Locate the string "condition" in the listing below. Copy every line where it is found.

Task material:

§

(* Let $0<R\le\infty$ and let $\psi$ be a quasiconcave function on $[0,R)$. Then: (i) $T_\psi$ is bounded from $L^1(0,R)$ to $L^1(0,R)$ if and only if $\psi$ satisfies the $B$-condition; (ii) $T_\psi$ is bounded from $M_\psi(0,R)$ to $M_\psi(0,R)$ if and only if $\psi$ satisfies the $B$-condition.
   Context: For a measurable a.e. finite function $f$ on $(0,R)$, $f^*$ is its non-increasing rearrangement, $f^*(t)=\inf\{\lambda>0: |\{x:|f(x)|>\lambda\}|\le t\}$, and $f^{**}(t)=\frac1t\int_0^t f^*(s)\,ds$. A function $\psi\colon[0,R)\to[0,\infty)$ is quasiconcave if $\psi(t)=0$ iff $t=0$, $\psi$ is non-decreasing, and $\psi(t)/t$ is non-increasing on $(0,R)$. It satisfies the $B$-condition if there is $C>0$ with $\frac1t\int_0^t \frac{ds}{\psi(s)}\le \frac{C}{\psi(t)}$ for all $t\in(0,R)$. $T_\psi f(t)=\frac{1}{\psi(t)}\sup_{t<s<R}\psi(s)f^*(s)$, $t\in(0,R)$. $M_\psi(0,R)$ is the set of $f$ with $\|f\|_{M_\psi}=\sup_{0<s<R}\psi(s)f^{**}(s)<\infty$. *)

theory Defs
  imports "HOL-Analysis.Analysis"
begin

definition ivl :: "ereal \<Rightarrow> real set" where
  "ivl R = {x. 0 < x \<and> ereal x < R}"

definition distf :: "ereal \<Rightarrow> (real \<Rightarrow> ennreal) \<Rightarrow> ennreal \<Rightarrow> ennreal" where
  "distf R g lam = emeasure lebesgue {x \<in> ivl R. g x > lam}"
lemma circle_primitive_has_real_derivative:
  fixes a :: real
  assumes "\<bar>2 * a\<bar> < 1"
  shows "((\<lambda>t. (2 * t * sqrt (1 - 4 * t\<^sup>2) + arcsin (2 * t)) / 4)
          has_real_derivative sqrt (1 - 4 * a\<^sup>2)) (at a)"
proof -
  have pos: "0 < 1 - 4 * a\<^sup>2"
    using assms abs_square_less_1[of "2 * a"] by (simp add: power_mult_distrib)
  have "((\<lambda>t. (2 * t * sqrt (1 - 4 * t\<^sup>2) + arcsin (2 * t)) / 4) has_real_derivative
         (2 * sqrt (1 - 4 * a\<^sup>2) + 2 * a * (inverse (sqrt (1 - 4 * a\<^sup>2)) / 2 * (- (4 * (2 * a))))
          + inverse (sqrt (1 - (2 * a)\<^sup>2)) * 2) / 4) (at a)"
    using assms pos by (auto intro!: derivative_eq_intros simp: power_mult_distrib)
  then show ?thesis
  proof (rule DERIV_cong)
    have "sqrt (1 - 4 * a\<^sup>2) > 0" "(sqrt (1 - 4 * a\<^sup>2))\<^sup>2 = 1 - 4 * a\<^sup>2"
      using pos by simp_all
    then show "(2 * sqrt (1 - 4 * a\<^sup>2) + 2 * a * (inverse (sqrt (1 - 4 * a\<^sup>2)) / 2 * (- (4 * (2 * a))))
          + inverse (sqrt (1 - (2 * a)\<^sup>2)) * 2) / 4 = sqrt (1 - 4 * a\<^sup>2)"
      by (simp add: power_mult_distrib field_simps power2_eq_square)
  qed
qed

§

Result:
(* Let $0<R\le\infty$ and let $\psi$ be a quasiconcave function on $[0,R)$. Then: (i) $T_\psi$ is bounded from $L^1(0,R)$ to $L^1(0,R)$ if and only if $\psi$ satisfies the $B$-condition; (ii) $T_\psi$ is bounded from $M_\psi(0,R)$ to $M_\psi(0,R)$ if and only if $\psi$ satisfies the $B$-condition.
   Context: For a measurable a.e. finite function $f$ on $(0,R)$, $f^*$ is its non-increasing rearrangement, $f^*(t)=\inf\{\lambda>0: |\{x:|f(x)|>\lambda\}|\le t\}$, and $f^{**}(t)=\frac1t\int_0^t f^*(s)\,ds$. A function $\psi\colon[0,R)\to[0,\infty)$ is quasiconcave if $\psi(t)=0$ iff $t=0$, $\psi$ is non-decreasing, and $\psi(t)/t$ is non-increasing on $(0,R)$. It satisfies the $B$-condition if there is $C>0$ with $\frac1t\int_0^t \frac{ds}{\psi(s)}\le \frac{C}{\psi(t)}$ for all $t\in(0,R)$. $T_\psi f(t)=\frac{1}{\psi(t)}\sup_{t<s<R}\psi(s)f^*(s)$, $t\in(0,R)$. $M_\psi(0,R)$ is the set of $f$ with $\|f\|_{M_\psi}=\sup_{0<s<R}\psi(s)f^{**}(s)<\infty$. *)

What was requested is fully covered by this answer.